"Got to Be Real" is the third episode of the eleventh season (223rd episode overall) of the American television medical drama Grey's Anatomy. It aired on October 9, 2014 on ABC in the United States. The episode was written by Zoanne Clack and directed by Rob Corn. On its initial airing it was watched by 8.48 million viewers and was well received amongst critics.

In the episode Owen introduces Callie to the Veterans Hospital patients in hopes that she will help them with her robotic limb lab, Jo becomes jealous of Alex and Meredith’s friendship, and Maggie continues to confide in Richard. Meanwhile, Alex and Bailey prepare to go in front of the board.

Plot
Callie follows Owen through a Veterans' rehab facility. She says that she's there to give a speech on residual limb health and that is it, because she has a child and she and Arizona are trying to have another one and Arizona's starting a fellowship and she's stretched too far already. Owen says she's just going to meet a couple guys. They enter a room where several amputee veterans are gathered. until Jackson steps in. As Alex tries to prepare for his presentation to fill Cristina's position on the board, Meredith distracts him with the news of her new half-sister Maggie in the shower, and Jo becomes jealous.

Searching through hospital records, Meredith finds out that Maggie is indeed her half-sister. Ellis was unknowingly pregnant when she was admitted for slitting her wrists. Derek and Amelia fight over being the Chief of Neurosurgery, which makes Derek second guess his decision to stay in Seattle.
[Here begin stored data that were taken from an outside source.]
text \<open>alpha_k is a maximum over a finite nonempty family (the empty set is always
  k-independent), so it dominates and is attained.\<close>

lemma alpha_k_family_finite:
  assumes "finite V"
  shows "finite {card S | S. k_independent V E k S}"
proof -
  have "{card S | S. k_independent V E k S} \<subseteq> {..card V}"
    using assms by (auto simp: k_independent_def intro: card_mono)
  then show ?thesis by (rule finite_subset) simp
qed

lemma card_le_alpha_k:
  assumes "finite V" "k_independent V E k S"
  shows "card S \<le> alpha_k k V E"
  unfolding alpha_k_def using assms alpha_k_family_finite by (intro Max_ge) auto

lemma alpha_k_attained:
  assumes "finite V"
  obtains S where "k_independent V E k S" "alpha_k k V E = card S"
proof -
  have "k_independent V E k {}" unfolding k_independent_def by simp
  then have "alpha_k k V E \<in> {card S | S. k_independent V E k S}"
    unfolding alpha_k_def using assms alpha_k_family_finite by (intro Max_in) auto
  then show ?thesis using that by blast
qed

text \<open>A k-independent set of an induced subgraph is k-independent in the whole
  graph, hence alpha_k cannot grow by passing to an induced subgraph.\<close>

lemma alpha_k_induced_le:
  assumes "finite V" "R \<subseteq> V"
  shows "alpha_k k R (edges_within E R) \<le> alpha_k k V E"
proof -
  have "finite R" using assms by (rule finite_subset[rotated])
  then obtain T where T: "k_independent R (edges_within E R) k T"
    and card_T: "alpha_k k R (edges_within E R) = card T"
    by (rule alpha_k_attained)
  have "T \<subseteq> R" using T unfolding k_independent_def by simp
  then have "{v\<in>T. {u, v} \<in> edges_within E R} = {v\<in>T. {u, v} \<in> E}" if "u \<in> T" for u
    using that unfolding edges_within_def by auto
  then have "k_independent V E k T" using T assms(2) unfolding k_independent_def by auto
  then show ?thesis unfolding card_T by (rule card_le_alpha_k[OF assms(1)])
qed

lemma simple_graph_induced:
  assumes "simple_graph V E" "R \<subseteq> V"
  shows "simple_graph R (edges_within E R)"
  using assms finite_subset unfolding simple_graph_def edges_within_def by auto

lemma alpha_k_quadratic_bound:
  assumes "simple_graph V E"
  shows "real (k + 1) * real (card V)^2
           \<le> real (alpha_k k V E) * (2 * real (card E) + real (k + 1) * real (card V))"
  using assms
proof (induction "card V" arbitrary: V E rule: less_induct)
  case less
  have finV: "finite V" using less.prems unfolding simple_graph_def by simp
  show ?case
  proof (cases "V = {}")
    case True
    then show ?thesis by simp
  next
    case False
    obtain S where SV: "S \<subseteq> V" and inside: "\<forall>u\<in>S. deg_in E S u \<le> k"
      and outside: "\<forall>u\<in>V - S. k + 1 \<le> deg_in E S u"
      using favaron_partition[OF less.prems] by blast
    define R where "R = V - S"
    have "S \<noteq> {}"
    proof
      assume "S = {}"
      moreover obtain u where "u \<in> V" using False by blast
      ultimately show False using outside by (simp add: deg_in_def)
    qed
    then have "R \<subset> V" unfolding R_def using SV by blast
    then have "card R < card V" using finV by (rule psubset_card_mono[rotated])
    then have remainder: "real (k + 1) * real (card R)^2 \<le> real (alpha_k k R (edges_within E R))
        * (2 * real (card (edges_within E R)) + real (k + 1) * real (card R))"
      using less.hyps simple_graph_induced[OF less.prems] R_def by blast
    have alpha_mono: "alpha_k k R (edges_within E R) \<le> alpha_k k V E"
      using finV R_def by (intro alpha_k_induced_le) auto
    have remainder': "real (k + 1) * real (card R)^2 \<le> real (alpha_k k V E)
        * (2 * real (card (edges_within E R)) + real (k + 1) * real (card R))"
      using remainder by (rule order_trans) (use alpha_mono in \<open>intro mult_right_mono, auto\<close>)
    have S_small: "card S \<le> alpha_k k V E"
      using finV SV inside by (intro card_le_alpha_k) (simp_all add: k_independent_iff_deg_in)
    have "card (edges_within E R) + (k + 1) * card R \<le> card E"
    proof -
      have "(k + 1) * card R \<le> (\<Sum>u\<in>R. deg_in E S u)"
        using sum_bounded_below[of R "k + 1" "deg_in E S"] outside R_def by (simp add: mult.commute)
      moreover have "card (edges_within E R) + (\<Sum>u\<in>R. deg_in E S u) \<le> card E"
        using simple_graph_finite_edges[OF less.prems] finV SV R_def
        by (intro edges_within_plus_cross_le) (auto intro: finite_subset)
      ultimately show ?thesis by linarith
    qed
    then have cross_edges: "real (card (edges_within E R) + (k + 1) * card R) \<le> real (card E)"
      by (simp only: of_nat_le_iff)
    have "card V = card S + card R"
      unfolding R_def using SV finV by (metis card_Diff_subset card_mono finite_subset le_add_diff_inverse)
    then have sizes: "real (card V) = real (card S) + real (card R)" by simp
    show ?thesis unfolding sizes
      by (rule deletion_step_inequality[where e = "real (card (edges_within E R))"])
        (use S_small cross_edges remainder' in \<open>auto simp: algebra_simps\<close>)
  qed
qed

section \<open>The two bounds on f(k,d)\<close>

text \<open>Every graph of average degree at most d has k-independence ratio at least
  (k+1)/(d+k+1): divide the quadratic bound by n and use 2m <= d n.\<close>

lemma alpha_k_ratio_lower_bound:
  assumes sg: "simple_graph V E" and ne: "V \<noteq> {}" and avg: "avg_degree V E \<le> real d"
  shows "real (k + 1) / real (d + k + 1) \<le> real (alpha_k k V E) / real (card V)"
proof -
  define n a \<alpha> where "n = real (card V)" and "a = real (k + 1)" and "\<alpha> = real (alpha_k k V E)"
  have n_pos: "n > 0" unfolding n_def using ne sg by (simp add: simple_graph_def card_gt_0_iff)
  have a_pos: "a > 0" unfolding a_def by simp
  have edges: "2 * real (card E) \<le> real d * n"
    using avg n_pos unfolding avg_degree_def n_def by (simp add: divide_le_eq)
  have "a * n * n \<le> \<alpha> * (2 * real (card E) + a * n)"
    using alpha_k_quadratic_bound[OF sg, of k] unfolding n_def a_def \<alpha>_def
    by (simp add: power2_eq_square)
  also have "\<dots> \<le> \<alpha> * (real d * n + a * n)"
    using edges unfolding \<alpha>_def by (intro mult_left_mono) auto
  finally have "a * n * n \<le> (\<alpha> * (real d + a)) * n" by (simp add: algebra_simps)
  then have "a * n \<le> \<alpha> * (real d + a)" using n_pos by simp
  then have "a / (real d + a) \<le> \<alpha> / n"
    using n_pos a_pos by (simp add: divide_le_eq le_divide_eq algebra_simps)
  moreover have "real (d + k + 1) = real d + a" unfolding a_def by simp
  ultimately show ?thesis unfolding a_def \<alpha>_def n_def by (simp add: ac_simps)
qed

text \<open>In a complete graph every k-independent set has at most k+1 vertices,
  since each of its vertices is adjacent to all the others.\<close>

lemma complete_graph_alpha_k:
  assumes "finite V"
  shows "alpha_k k V {e. e \<subseteq> V \<and> card e = 2} \<le> k + 1"
proof -
  obtain S where S: "k_independent V {e. e \<subseteq> V \<and> card e = 2} k S"
    and alpha: "alpha_k k V {e. e \<subseteq> V \<and> card e = 2} = card S"
    using assms by (rule alpha_k_attained)
  show ?thesis
  proof (cases "S = {}")
    case False
    then obtain u where u: "u \<in> S" by blast
    have "S \<subseteq> V" using S unfolding k_independent_def by simp
    then have "{v\<in>S. {u, v} \<in> {e. e \<subseteq> V \<and> card e = 2}} = S - {u}"
      using u by (auto simp: card_2_iff)
    then have "card (S - {u}) \<le> k" using S u unfolding k_independent_def by auto
    then show ?thesis using alpha u by (simp add: card_Diff_singleton)
  qed (use alpha in simp)
qed

lemma complete_graph_witness:
  obtains V E where "simple_graph V E" "V \<noteq> {}" "avg_degree V E \<le> real d"
    "real (alpha_k k V E) / real (card V) \<le> real (k + 1) / real (d + 1)"
proof -
  define V where "V = {..d}"
  define E where "E = {e. e \<subseteq> V \<and> card e = 2}"
  have card_V: "card V = d + 1" unfolding V_def by simp
  have "card E = (d + 1) choose 2" unfolding E_def using n_subsets[of V 2] card_V V_def by simp
  then have "2 * card E = (d + 1) * d" by (simp add: choose_two)
  then have "2 * real (card E) = real d * real (card V)"
    unfolding card_V by (metis mult.commute of_nat_mult of_nat_numeral)
  then have "avg_degree V E \<le> real d" unfolding avg_degree_def using card_V by simp
  moreover have "real (alpha_k k V E) / real (card V) \<le> real (k + 1) / real (d + 1)"
    unfolding card_V E_def using complete_graph_alpha_k[of V k] V_def
    by (intro divide_right_mono) auto
  moreover have "simple_graph V E" unfolding simple_graph_def V_def E_def by auto
  moreover have "V \<noteq> {}" unfolding V_def by auto
  ultimately show ?thesis using that by blast
qed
With the new fellowship and the wounded veterans project, Arizona is concerned about having the time to have another baby causing Callie to once again doubt their future together.

Richard attempts to tell Maggie that he is her father, but she already knew who he is and blames him for not telling her sooner. Alex and Bailey go head to head in front of the board for the open spot. Bailey comes in and gives her presentation, then Alex gives his. Arizona peeks out of the room and calls Alex in. He follows her back into the room. A few moments later, he comes back out and tells Bailey congratulations as he walks past her. Arizona then calls Bailey back into the room. The board congratulates her as Alex continues to walk out of the hospital.

Reception

Broadcast
"Got to Be Real" was originally broadcast on October 9, 2014, in the United States on the American Broadcasting Company (ABC). The episodes were watched by a total of 8.48 million viewers. In the key 18-49 demographic, the episode scored a 2.4/8 score and ranked 18 in viewership for 18-49 demographics.

Reviews
Entertainment Weekly gave a mixed review praising Justin Chambers' character Alex Karev stating, "What could have been the darkest and most dramatic face-off of the episode ended up being the most enjoyable, mostly because watching Karev adapt to being Meredith’s person—which means letting go of any sort of personal boundaries he might have—is fun, funny, and feels so very right." and further adding on Ellen Pompeo's character wrote, "She’s not grateful that he’s home because her career is just as important as his. “I’m the sun, and he can go suck it!” Ah, yes. A drunk Meredith is the best Meredith."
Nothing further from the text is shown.